Thanksgiving Through the Years

“Over the river and through the woods, to grandmother’s house we go...”

I’ve always associated that song with Thanksgiving family dinners, and no wonder. When I looked up background about the verses, I learned they were written by Lydia Maria Child and called “The New-England Boy’s Song About Thanksgiving Day.” Published in 1844 in a children’s poetry book (Flowers for Children, Volume 2), it was later set to music by an unknown composer.

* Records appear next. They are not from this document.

(* Let $p_0,p_1,p_2$ be positive integers with $\gcd(p_0,p_1,p_2)=1$, and put $n=p_0+p_1+p_2$. Let $E=(\mathbb{Z}/n\mathbb{Z})\times\{0,1,2\}$ and define permutations $\sigma_0,\sigma_1$ of $E$ by $$\sigma_0(m,0)=(m,1),\quad \sigma_0(m,1)=(m,2),\quad \sigma_0(m,2)=(m,0),$$ $$\sigma_1(m,0)=(m-p_1,2),\quad \sigma_1(m,1)=(m-p_2,0),\quad \sigma_1(m,2)=(m-p_0,1),$$ with arithmetic in the first coordinate modulo $n$. Let $\alpha=\gcd(n,\,p_0p_1-p_2^2)$. Then the subgroup $\langle\sigma_0\sigma_1,\sigma_1\sigma_0\rangle$ of the symmetric group on $E$ has order $n^2/\alpha$.
   Context: These $\sigma_0,\sigma_1$ are the monodromy permutations of the dessin drawn on the rational billiards surface of the triangle with angles $(p_0\pi/n,p_1\pi/n,p_2\pi/n)$, acting on its $3n$ edges labeled $(m,i)$. Products are composition of functions: $(\sigma_0\sigma_1)(e)=\sigma_0(\sigma_1(e))$. *)

theory Defs
  imports "HOL-Algebra.Algebra"
begin

definition dessin_edges :: "nat \<Rightarrow> (nat \<times> nat) set" where
  "dessin_edges n = {0..<n} \<times> {0..<3}"

definition sigma0 :: "nat \<Rightarrow> nat \<times> nat \<Rightarrow> nat \<times> nat" where
  "sigma0 n = restrict (\<lambda>(m, i). (m, (i + 1) mod 3)) (dessin_edges n)"

definition sub_mod :: "nat \<Rightarrow> nat \<Rightarrow> nat \<Rightarrow> nat" where
  "sub_mod n m p = nat ((int m - int p) mod int n)"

We didn’t go to grandmother’s house. Instead, my mother’s parents and grandma came to us. Mom was the only girl in her family, as my Aunt Patsy was on Dad’s side, so it was assumed they’d host family Thanksgivings.

Mom started days earlier, baking pumpkin and mincemeat pies, and thawing the enormous (to my eyes) turkey. The day before, she made stuffing from scratch that included simmered turkey “innards” and spices. We knew to stay out of the kitchen after breakfast since she’d be preparing mashed potatoes, vegetables, bread dough for rolls, sweet potatoes, and sometimes Jello salad.

Ah, the perfume of a slowly-roasting, stuffed turkey as the morning slid into afternoon. We amused ourselves with two parades on TV—Macy Day Parade and our beloved Detroit Thanksgiving Parade, comparing floats, announcers, lined-up crowds, and of course, Santa. The best Santa floats had real reindeer walking on a moving base behind an Edmund Gwenn-Kris Kringle (from 1947’s Miracle on 34th Street).

Santa met mayors and received ornate keys to the city, often accompanied by Christmas Carol in her short red-and-white Santa-like dress. Other than the name, we’d have preferred to see elves from his workshop.

Lunch was a quick sandwich, but nothing could satisfy with the nearly done turkey. My brothers and I slipped into the kitchen anytime it was unguarded, to open the oven and snitch a chunk of stuffing. Delicious!

Van Johnson’s “The Pied Piper of Hamelin” (1957) movie aired early afternoon, a perennial favorite. We knew all the songs, melodies from classical composer Grieg. I was in love with the piper and would have followed him when he left for the last time. It was the beginning of my fascination with the (Wise) Fool, who showed up in my poems and stories years later. Thank you, Mr. Van Johnson. “Flim flam floo, the world is full of wonderment and magic..”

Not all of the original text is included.